Recently, the White House’s Task Force on Worker Organizing and Empowerment released a blueprint for the federal government to increase union participation. The report contains good ideas—ideas that have been gathering dust since 2009 when I joined labor activists at White House meetings with then-vice president Biden. He’d been given the labor portfolio by President Obama, and we urged him to use every tool at the administration’s disposal to raise wages and empower workers to join unions.

Without outside pressure, these ideas remained ideas. By 2013, I began leading thousands of striking workers at the Capitol, Pentagon, and other federal buildings to publicly pressure the administration to Fight for $15 and a Union. Last month, after nearly a decade of protests, President Biden’s executive order for a $15 minimum wage for federal contractors kicked in.

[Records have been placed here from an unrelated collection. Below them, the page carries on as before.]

text \<open>Cauchy's theorem on the triangles with vertices \<open>0, \<plusminus>R, \<plusminus>R(1 + i\<tau>)\<close>.\<close>

lemma interval_integral_minus_rotated_eq_sides:
  fixes f :: "complex \<Rightarrow> complex"
  assumes \<tau>: "0 \<le> \<tau>" and R: "R > 0" and holo: "f holomorphic_on slope_sector \<tau>"
  shows "integral {-R..R} (\<lambda>y. f (of_real y))
           - integral {-R..R} (\<lambda>s. f (of_real s * Complex 1 \<tau>) * Complex 1 \<tau>)
         = contour_integral (linepath (- of_real R) (- (of_real R * Complex 1 \<tau>))) f
           - contour_integral (linepath (of_real R) (of_real R * Complex 1 \<tau>)) f"
proof -
  define \<omega> where "\<omega> = Complex 1 \<tau>"
  define r where "r = complex_of_real R"
  define C where "C = (\<lambda>a b. contour_integral (linepath a b) f)"
  have cont: "continuous_on (slope_sector \<tau>) f"
    using holo by (rule holomorphic_on_imp_continuous_on)
  have "f holomorphic_on convex hull {0, r, r * \<omega>}" "f holomorphic_on convex hull {0, -r, -(r * \<omega>)}"
    using convex_hull_triangle_subset_slope_sector[OF \<tau>, of R 1]
      convex_hull_triangle_subset_slope_sector[OF \<tau>, of R "-1"] R
    by (auto simp: r_def \<omega>_def intro: holomorphic_on_subset[OF holo])
  then have Tp: "C 0 r + C r (r * \<omega>) + C (r * \<omega>) 0 = 0"
    and Tm: "C 0 (-r) + C (-r) (-(r * \<omega>)) + C (-(r * \<omega>)) 0 = 0"
    unfolding C_def by (simp_all only: contour_integral_triangle_eq_0)
  have line: "C (-(r * \<sigma>)) (r * \<sigma>) = integral {-R..R} (\<lambda>s. f (of_real s * \<sigma>) * \<sigma>)"
    if "\<sigma> \<in> {1, \<omega>}" for \<sigma>
    unfolding C_def r_def
  proof (rule contour_integral_symmetric_linepath[OF R])
    have "of_real s * \<sigma> \<in> slope_sector \<tau>" for s
      using that \<tau> line_in_slope_sector[of 0 \<tau> s] line_in_slope_sector[of \<tau> \<tau> s]
      by (auto simp: \<omega>_def one_complex.code[symmetric])
    then show "continuous_on UNIV (\<lambda>s::real. f (of_real s * \<sigma>))"
      by (intro continuous_on_compose2[OF cont]) (auto intro!: continuous_intros)
  qed
  have "closed_segment (-r) r \<subseteq> slope_sector \<tau>" "closed_segment 0 (-r) \<subseteq> slope_sector \<tau>"
    using closed_segment_on_line_subset_slope_sector[of 0 \<tau> "-R" R]
      closed_segment_on_line_subset_slope_sector[of 0 \<tau> 0 "-R"] \<tau>
    by (simp_all add: r_def one_complex.code[symmetric])
  moreover have "closed_segment (-(r * \<omega>)) (r * \<omega>) \<subseteq> slope_sector \<tau>"
    "closed_segment 0 (r * \<omega>) \<subseteq> slope_sector \<tau>"
    using closed_segment_on_line_subset_slope_sector[of \<tau> \<tau> "-R" R]
      closed_segment_on_line_subset_slope_sector[of \<tau> \<tau> 0 R] \<tau>
    by (simp_all add: r_def \<omega>_def)
  ultimately have "C (-r) r = C (-r) 0 + C 0 r" "C (-(r * \<omega>)) (r * \<omega>) = C (-(r * \<omega>)) 0 + C 0 (r * \<omega>)"
    "C 0 (-r) = - C (-r) 0" "C 0 (r * \<omega>) = - C (r * \<omega>) 0"
    using midpoint_in_closed_segment[of "-r" r] midpoint_in_closed_segment[of "-(r * \<omega>)" "r * \<omega>"]
    unfolding C_def midpoint_def
    by (simp_all add: contour_integral_split_linepath contour_integral_reverse_linepath
        continuous_on_subset[OF cont])
  moreover have "C (-r) r = integral {-R..R} (\<lambda>y. f (of_real y))"
    using line[of 1] by simp
  moreover have "C (-(r * \<omega>)) (r * \<omega>) = integral {-R..R} (\<lambda>s. f (of_real s * \<omega>) * \<omega>)"
    using line[of \<omega>] by simp
  ultimately have "integral {-R..R} (\<lambda>y. f (of_real y))
                     - integral {-R..R} (\<lambda>s. f (of_real s * \<omega>) * \<omega>)
                   = C (-r) (-(r * \<omega>)) - C r (r * \<omega>)"
    using Tp Tm by algebra
  then show ?thesis unfolding C_def r_def \<omega>_def .
qed

lemma vertical_side_in_slope_sector:
  assumes \<tau>: "0 \<le> \<tau>" "\<tau> \<le> 1/2" and R: "R > 0" and e: "e \<in> {1, -1}"
    and z: "z \<in> closed_segment (e * of_real R) (e * (of_real R * Complex 1 \<tau>))"
  shows "z \<in> slope_sector \<tau>" "R \<le> norm z" "norm z \<le> 2 * R"
proof -
  obtain u where u: "0 \<le> u" "u \<le> 1"
    and "z = (1 - u) *\<^sub>R (e * of_real R) + u *\<^sub>R (e * (of_real R * Complex 1 \<tau>))"
    using z by (auto simp: in_segment)
  then have "z = e * of_real R * ((1 - of_real u) + of_real u * Complex 1 \<tau>)"
    by (simp add: scaleR_conv_of_real algebra_simps)
  also have "(1 - of_real u) + of_real u * Complex 1 \<tau> = Complex 1 (u * \<tau>)"
    by (simp add: complex_eq_iff)
  finally have z_eq: "z = e * (of_real R * Complex 1 (u * \<tau>))" by (simp only: mult.assoc)
  have u\<tau>: "0 \<le> u * \<tau>" "u * \<tau> \<le> \<tau>" "\<bar>u * \<tau>\<bar> \<le> 1"
    using u \<tau> mult_left_le_one_le[of \<tau> u] by auto
  have "of_real R * Complex 1 (u * \<tau>) \<in> slope_sector \<tau>"
    using u\<tau>(1,2) by (rule line_in_slope_sector)
  then show "z \<in> slope_sector \<tau>" using z_eq e by (cases "e = 1") simp_all
  have "norm z = R * norm (Complex 1 (u * \<tau>))"
    using z_eq e R by (auto simp: norm_mult)
  then show "R \<le> norm z" "norm z \<le> 2 * R"
    using R norm_Complex_one_bounds[OF u\<tau>(3)] mult_left_mono[of 1 "norm (Complex 1 (u * \<tau>))" R]
      mult_left_mono[of "norm (Complex 1 (u * \<tau>))" 2 R]
    by auto
qed

lemma norm_contour_integral_vertical_side_le:
  fixes f :: "complex \<Rightarrow> complex"
  assumes \<tau>: "0 \<le> \<tau>" "\<tau> \<le> 1/2" and R: "R > 0" and e: "e \<in> {1, -1}"
    and cont: "continuous_on (slope_sector \<tau>) f"
    and bound: "\<And>z. z \<in> slope_sector \<tau> \<Longrightarrow> norm (f z) \<le> C * exp (- \<delta> * (norm z)\<^sup>2 + K * norm z)"
    and \<delta>: "\<delta> \<ge> 0" and K: "K \<ge> 0"
  shows "norm (contour_integral (linepath (e * of_real R) (e * (of_real R * Complex 1 \<tau>))) f)
           \<le> C * exp (- \<delta> * R\<^sup>2 + 2 * K * R) * (R * \<tau>)"
proof -
  define a b where "a = e * of_real R" and "b = e * (of_real R * Complex 1 \<tau>)"
  note on_side = vertical_side_in_slope_sector[OF \<tau> R e, folded a_def b_def]
  have C: "C \<ge> 0"
    using bound[of 0] by (simp add: mem_slope_sector_iff wedge_def) (meson norm_ge_zero order_trans)
  have "norm (contour_integral (linepath a b) f) \<le> C * exp (- \<delta> * R\<^sup>2 + 2 * K * R) * norm (b - a)"
  proof (rule contour_integral_bound_linepath)
    show "f contour_integrable_on linepath a b"
      using on_side(1) by (intro contour_integrable_continuous_linepath continuous_on_subset[OF cont]) auto
    show "0 \<le> C * exp (- \<delta> * R\<^sup>2 + 2 * K * R)" using C by simp
    show "norm (f z) \<le> C * exp (- \<delta> * R\<^sup>2 + 2 * K * R)" if "z \<in> closed_segment a b" for z
    proof -
      note z = on_side[OF that]
      have "R\<^sup>2 \<le> (norm z)\<^sup>2" using z(2) R by (intro power_mono) auto
      then have "- \<delta> * (norm z)\<^sup>2 \<le> - \<delta> * R\<^sup>2" using mult_left_mono[OF _ \<delta>] by simp
      moreover have "K * norm z \<le> 2 * K * R" using mult_left_mono[OF z(3) K] by simp
      ultimately have "- \<delta> * (norm z)\<^sup>2 + K * norm z \<le> - \<delta> * R\<^sup>2 + 2 * K * R" by linarith
      then show ?thesis
        using bound[OF z(1)] mult_left_mono[OF _ C] by (meson exp_le_cancel_iff order_trans)
    qed
  qed
  moreover have "norm (b - a) = R * \<tau>"
  proof -
    have "b - a = e * of_real R * (Complex 1 \<tau> - 1)"
      by (simp add: a_def b_def algebra_simps)
    also have "Complex 1 \<tau> - 1 = of_real \<tau> * \<i>" by (simp add: complex_eq_iff)
    finally show ?thesis using e R \<tau> by (auto simp: norm_mult)
  qed
  ultimately show ?thesis by (simp add: a_def b_def)
qed

lemma norm_interval_integral_minus_rotated_le:
  fixes f :: "complex \<Rightarrow> complex"
  assumes \<tau>: "0 \<le> \<tau>" "\<tau> \<le> 1/2" and R: "R > 0" and holo: "f holomorphic_on slope_sector \<tau>"
    and bound: "\<And>z. z \<in> slope_sector \<tau> \<Longrightarrow> norm (f z) \<le> C * exp (- \<delta> * (norm z)\<^sup>2 + K * norm z)"
    and \<delta>: "\<delta> \<ge> 0" and K: "K \<ge> 0"
  shows "norm (integral {-R..R} (\<lambda>y. f (of_real y))
                 - integral {-R..R} (\<lambda>s. f (of_real s * Complex 1 \<tau>) * Complex 1 \<tau>))
           \<le> 2 * C * \<tau> * (R * exp (- \<delta> * R\<^sup>2 + 2 * K * R))"
proof -
  define side where "side = (\<lambda>e. contour_integral (linepath (e * of_real R) (e * (of_real R * Complex 1 \<tau>))) f)"
  have cont: "continuous_on (slope_sector \<tau>) f"
    using holo by (rule holomorphic_on_imp_continuous_on)
  have "norm (integral {-R..R} (\<lambda>y. f (of_real y))
                - integral {-R..R} (\<lambda>s. f (of_real s * Complex 1 \<tau>) * Complex 1 \<tau>))
          = norm (side (-1) - side 1)"
    unfolding side_def using interval_integral_minus_rotated_eq_sides[OF \<tau>(1) R holo] by simp
  also have "\<dots> \<le> norm (side (-1)) + norm (side 1)"
    by (rule norm_triangle_ineq4)
  also have "\<dots> \<le> 2 * (C * exp (- \<delta> * R\<^sup>2 + 2 * K * R) * (R * \<tau>))"
    using norm_contour_integral_vertical_side_le[OF \<tau> R _ cont bound \<delta> K, of "-1"]
      norm_contour_integral_vertical_side_le[OF \<tau> R _ cont bound \<delta> K, of 1]
    unfolding side_def by simp
  finally show ?thesis by (simp add: algebra_simps)
qed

Now, it’s time to take action on the union part.

Which side are you on?

The ravages of COVID have caused mass resignations, strike waves, and union drives among frontline and essential workers. It’s no coincidence union favorability has climbed to 68% (90% percent among Democrats), the highest since 1965. Workers are fighting back–but having a true ally in the Democratic Party could turn the tide.

Under both parties, and now under Biden, big business has been chipping away at labor strength. Union membership now sits at an all-time low of 10.3%, and just 6.1% in the private sector. Even before the pandemic, half of nonunion workers said they’d join a union if they could–but the path to formal union recognition and bargaining is torturous.

Biden has the power to help reverse these trends and answer the question: “Which side are you on?” He came into office on the promise of an FDR presidency, but is he willing to welcome pressure from below or welcome the hatred of “economic royalists” as FDR did?

Biden supports the PRO Act (Protecting the Right to Organize), which would significantly enhance the power of workers to unionize and bargain collectively. Now stalled in the Senate, he could use the bully pulpit to rally the base and push for a filibuster exception to get the bill to his desk. The president also has the power to enact major pieces of the PRO Act through executive order.

Do party leaders really want change?

Democrats have an opportunity to lead on labor and begin to regain the trust of working-class Americans by showing real solidarity, instead of merely repeating rhetoric. American workers have been pushed too far to stomach more empty words after forty years of wage stagnation despite a rise in productivity, cost of living, and gains for the wealthy.

Republicans understand the role of labor in pushing electoral and policy programs. Once in office, they target their opponents and suppress labor. Like former Wisconsin Gov. Scott Walker, Glenn Youngkin barely warmed the governors’ seat in Virginia before pushing to repeal mandates for project labor on public works and collective bargaining for public employees.

Republicans don’t have to choose between the donors and their base, who embrace antipolitics and reject any government action beyond cutting taxes for the wealthy. If Democrats actually want to advance policy, they must build structuralized power in a politically capable base.

Americans feel powerless against elite forces blocking the proper channels to affect change. Legislation to shift economic and political power to working people is consistently mangled or killed. Many are losing faith in democracy as a mechanism to deliver solutions for their lives. Polls show Americans’ trust in government at 29%, Biden’s approval rating at 41%, and those who identify as Democrats at 28% percent. 

Democrats need solidarity with unions. Not only do they foster political literacy and engagement, but they’re also critical to a functioning democracy. It’s short-sighted to forfeit working-class voters to Republicans, who capitalize on feelings of betrayal with false populism and culture wars.

Serving working people (the majority) is not just the duty of elected leaders, it’s Democrats’ best shot. Help the people build back better.

Joseph Geevarghese is the executive director of Our Revolution and the former leader of Good Jobs Nation, a labor rights organization.